> TO DO
Please state how many lines of the data below contain the word "this", offering nothing besides the number.

> INPUT
________________
(* Let $m,s$ be positive integers and $t,r$ integers with $r^s\equiv 1\pmod m$ and $m\mid t(r-1)$, and let $G=\langle a,b\mid a^m=1,\ b^s=a^t,\ b^{-1}ab=a^r\rangle$. If $(m,r-1)\mid t$, then $G$ is the active sum of the family consisting of $\langle a\rangle$, $\langle b\rangle$ and all their conjugates in $G$.
   Context: $(x,y)$ denotes the greatest common divisor (with $(m,0)=m$). Such a group is finite metacyclic with $a$ of order $m$. For a group $G$ and a family $\mathcal{F}$ of distinct subgroups that generates $G$ and is closed under conjugation, the active sum $S$ of $\mathcal{F}$ is the free product of the members of $\mathcal{F}$ divided by the normal subgroup generated by all elements $h^{-1}\cdot g\cdot h\cdot (g^h)^{-1}$ with $h\in F_1$, $g\in F_2$, $F_1,F_2\in\mathcal{F}$, where $g^h=h^{-1}gh$ is regarded as an element of the factor $h^{-1}F_2h\in\mathcal{F}$. The inclusions induce a canonical surjection $\varphi:S\to G$, and "$G$ is the active sum of $\mathcal{F}$" means $\varphi$ is an isomorphism. *)

theory Defs
  imports "HOL-Algebra.Algebra"
begin

inductive word_cong :: "('l list \<times> 'l list) set \<Rightarrow> 'l list \<Rightarrow> 'l list \<Rightarrow> bool"
  for Rl where
  base: "(u, v) \<in> Rl \<Longrightarrow> word_cong Rl u v"
| refl: "word_cong Rl u u"
| sym: "word_cong Rl u v \<Longrightarrow> word_cong Rl v u"
| trans: "word_cong Rl u v \<Longrightarrow> word_cong Rl v w \<Longrightarrow> word_cong Rl u w"
| ctxt: "word_cong Rl u v \<Longrightarrow> word_cong Rl (x @ u @ y) (x @ v @ y)"

definition word_class :: "'l set \<Rightarrow> ('l list \<times> 'l list) set \<Rightarrow> 'l list \<Rightarrow> 'l list set" where
  "word_class Xl Rl w = {v. set v \<subseteq> Xl \<and> word_cong Rl v w}"

definition word_monoid :: "'l set \<Rightarrow> ('l list \<times> 'l list) set \<Rightarrow> 'l list set monoid" where
  "word_monoid Xl Rl =
     \<lparr> carrier = word_class Xl Rl ` {w. set w \<subseteq> Xl},
       monoid.mult = (\<lambda>A B. {w. set w \<subseteq> Xl \<and> (\<exists>u\<in>A. \<exists>v\<in>B. word_cong Rl w (u @ v))}),
       one = word_class Xl Rl [] \<rparr>"

text \<open>Letters are (generator, inverted?) pairs; the free-group relations x x^-1 = 1 = x^-1 x
  are added to the given defining relations (pairs of words to be identified).\<close>
definition free_rels :: "'g set \<Rightarrow> (('g \<times> bool) list \<times> ('g \<times> bool) list) set" where
  "free_rels Xl = {([(x, e), (x, \<not> e)], []) | x e. x \<in> Xl}"

definition presented_group ::
  "'g set \<Rightarrow> (('g \<times> bool) list \<times> ('g \<times> bool) list) set \<Rightarrow> ('g \<times> bool) list set monoid" where
  "presented_group Xl Rel = word_monoid (Xl \<times> UNIV) (free_rels Xl \<union> Rel)"

definition wpow :: "'g \<Rightarrow> int \<Rightarrow> ('g \<times> bool) list" where
  "wpow x k = (if 0 \<le> k then replicate (nat k) (x, False) else replicate (nat (- k)) (x, True))"

datatype gen = GA | GB

definition metacyclic_rels :: "nat \<Rightarrow> nat \<Rightarrow> int \<Rightarrow> int \<Rightarrow> ((gen \<times> bool) list \<times> (gen \<times> bool) list) set" where
  "metacyclic_rels m s t r =
     {(wpow GA (int m), []),
      (wpow GB (int s), wpow GA t),
      ([(GB, True), (GA, False), (GB, False)], wpow GA r)}"

definition metacyclic :: "nat \<Rightarrow> nat \<Rightarrow> int \<Rightarrow> int \<Rightarrow> (gen \<times> bool) list set monoid" where
  "metacyclic m s t r = presented_group UNIV (metacyclic_rels m s t r)"

definition mc_a :: "nat \<Rightarrow> nat \<Rightarrow> int \<Rightarrow> int \<Rightarrow> (gen \<times> bool) list set" where
  "mc_a m s t r = word_class (UNIV \<times> UNIV) (free_rels UNIV \<union> metacyclic_rels m s t r) [(GA, False)]"

definition mc_b :: "nat \<Rightarrow> nat \<Rightarrow> int \<Rightarrow> int \<Rightarrow> (gen \<times> bool) list set" where
  "mc_b m s t r = word_class (UNIV \<times> UNIV) (free_rels UNIV \<union> metacyclic_rels m s t r) [(GB, False)]"

definition conj_set :: "('a, 'b) monoid_scheme \<Rightarrow> 'a \<Rightarrow> 'a set \<Rightarrow> 'a set" where
  "conj_set G h H = (\<lambda>x. inv\<^bsub>G\<^esub> h \<otimes>\<^bsub>G\<^esub> x \<otimes>\<^bsub>G\<^esub> h) ` H"

text \<open>Letters of the free product: pairs (factor, element of that factor).\<close>
definition as_letters :: "('a, 'b) monoid_scheme \<Rightarrow> 'a set set \<Rightarrow> ('a set \<times> 'a) set" where
  "as_letters G F = {(H, g). H \<in> F \<and> g \<in> H}"

text \<open>Relations: the monoid presentation of the free product of the members of F
  (multiplication inside each factor, identity of each factor = empty word), together
  with the active relators h^-1 g h (g^h)^-1 = 1 (h in F1, g in F2, g^h in h^-1 F2 h).\<close>
definition as_rels :: "('a, 'b) monoid_scheme \<Rightarrow> 'a set set \<Rightarrow> (('a set \<times> 'a) list \<times> ('a set \<times> 'a) list) set" where
  "as_rels G F =
     {([(H, g), (H, g')], [(H, g \<otimes>\<^bsub>G\<^esub> g')]) | H g g'. H \<in> F \<and> g \<in> H \<and> g' \<in> H}
   \<union> {([(H, \<one>\<^bsub>G\<^esub>)], []) | H. H \<in> F}
   \<union> {([(H1, inv\<^bsub>G\<^esub> h), (H2, g), (H1, h),
        (conj_set G h H2, inv\<^bsub>G\<^esub> (inv\<^bsub>G\<^esub> h \<otimes>\<^bsub>G\<^esub> g \<otimes>\<^bsub>G\<^esub> h))], [])
       | H1 H2 h g. H1 \<in> F \<and> H2 \<in> F \<and> h \<in> H1 \<and> g \<in> H2}"

definition active_sum_group :: "('a, 'b) monoid_scheme \<Rightarrow> 'a set set \<Rightarrow> ('a set \<times> 'a) list set monoid" where
  "active_sum_group G F = word_monoid (as_letters G F) (as_rels G F)"

definition eval_word :: "('a, 'b) monoid_scheme \<Rightarrow> ('a set \<times> 'a) list \<Rightarrow> 'a" where
  "eval_word G w = foldr (\<lambda>(H, g) acc. g \<otimes>\<^bsub>G\<^esub> acc) w \<one>\<^bsub>G\<^esub>"

definition active_sum_map :: "('a, 'b) monoid_scheme \<Rightarrow> 'a set set \<Rightarrow> ('a set \<times> 'a) list set \<Rightarrow> 'a" where
  "active_sum_map G F A = eval_word G (SOME w. w \<in> A)"

definition is_active_sum :: "('a, 'b) monoid_scheme \<Rightarrow> 'a set set \<Rightarrow> bool" where
  "is_active_sum G F \<longleftrightarrow>
     (\<forall>H\<in>F. subgroup H G) \<and>
     generate G (\<Union>F) = carrier G \<and>
     (\<forall>H\<in>F. \<forall>h\<in>carrier G. conj_set G h H \<in> F) \<and>
     active_sum_map G F \<in> iso (active_sum_group G F) G"

end

theory Submission
  imports Defs
begin

text \<open>Since the family F is closed under conjugation, the canonical map from the active sum S
  to G is an isomorphism as soon as some homomorphism \<psi> : G \<rightarrow> S agrees with the inclusions
  of \<langle>a\<rangle> and \<langle>b\<rangle>: the active relations propagate this agreement to all conjugates, so
  \<psi> inverts the canonical map. By the universal property of the presentation, \<psi> exists once
  the images of a and b in S satisfy the defining relations. Of these, a^m = 1 holds because the
  inclusion of \<langle>a\<rangle> is a homomorphism, and b^-1 a b = a^r is an active relation because b
  normalises \<langle>a\<rangle>. For b^s = a^t write t = \<alpha>m + \<beta>(r - 1), which
  is possible since (m, r - 1) divides t; then a^t is the commutator of c = a^\<beta> and b, and the
  active relations for the pairs (\<langle>a\<rangle>, \<langle>b\<rangle>) and (\<langle>b\<rangle>, \<langle>a\<rangle>) turn this identity in G into
  the identity b^s = a^t in S. The hypotheses m > 0, r^s \<equiv> 1 and m | t(r - 1) only guarantee
  that G has order ms.\<close>

section \<open>Monoids presented by words\<close>

definition word_eval :: "('m, 'z) monoid_scheme \<Rightarrow> ('l \<Rightarrow> 'm) \<Rightarrow> 'l list \<Rightarrow> 'm" where
  "word_eval M f w = foldr (\<lambda>l acc. f l \<otimes>\<^bsub>M\<^esub> acc) w \<one>\<^bsub>M\<^esub>"

lemma word_eval_Nil [simp]: "word_eval M f [] = \<one>\<^bsub>M\<^esub>"
  by (simp add: word_eval_def)

lemma word_eval_Cons [simp]: "word_eval M f (l # w) = f l \<otimes>\<^bsub>M\<^esub> word_eval M f w"
  by (simp add: word_eval_def)

lemma word_eval_cong:
  "(\<And>l. l \<in> set w \<Longrightarrow> f l = g l) \<Longrightarrow> word_eval M f w = word_eval M g w"
  by (induction w) auto

lemma (in monoid) word_eval_closed:
  "(\<And>l. l \<in> set w \<Longrightarrow> f l \<in> carrier G) \<Longrightarrow> word_eval G f w \<in> carrier G"
  by (induction w) auto

lemma (in monoid) word_eval_append:
  assumes "\<And>l. l \<in> set u \<Longrightarrow> f l \<in> carrier G" "\<And>l. l \<in> set v \<Longrightarrow> f l \<in> carrier G"
  shows "word_eval G f (u @ v) = word_eval G f u \<otimes> word_eval G f v"
  using assms(1) by (induction u) (auto simp: m_assoc word_eval_closed assms(2))

lemma (in monoid) word_eval_replicate:
  "f l \<in> carrier G \<Longrightarrow> word_eval G f (replicate n l) = f l [^] n"
  by (induction n) (simp_all add: nat_pow_comm[of "f l" 1, simplified])

lemma hom_word_eval:
  assumes "h \<in> hom M N" "group M" "group N" "\<And>l. l \<in> set w \<Longrightarrow> f l \<in> carrier M"
  shows "h (word_eval M f w) = word_eval N (\<lambda>l. h (f l)) w"
proof -
  interpret group_hom M N h
    using assms(1-3) by (simp add: group_hom_def group_hom_axioms_def)
  show ?thesis
    using assms(4) by (induction w) (simp_all add: G.word_eval_closed)
qed

definition rels_over :: "'l set \<Rightarrow> ('l list \<times> 'l list) set \<Rightarrow> bool" where
  "rels_over Xl Rl \<longleftrightarrow> (\<forall>(u, v) \<in> Rl. set u \<subseteq> Xl \<and> set v \<subseteq> Xl)"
________________
> EXERCISE RESPONSE
2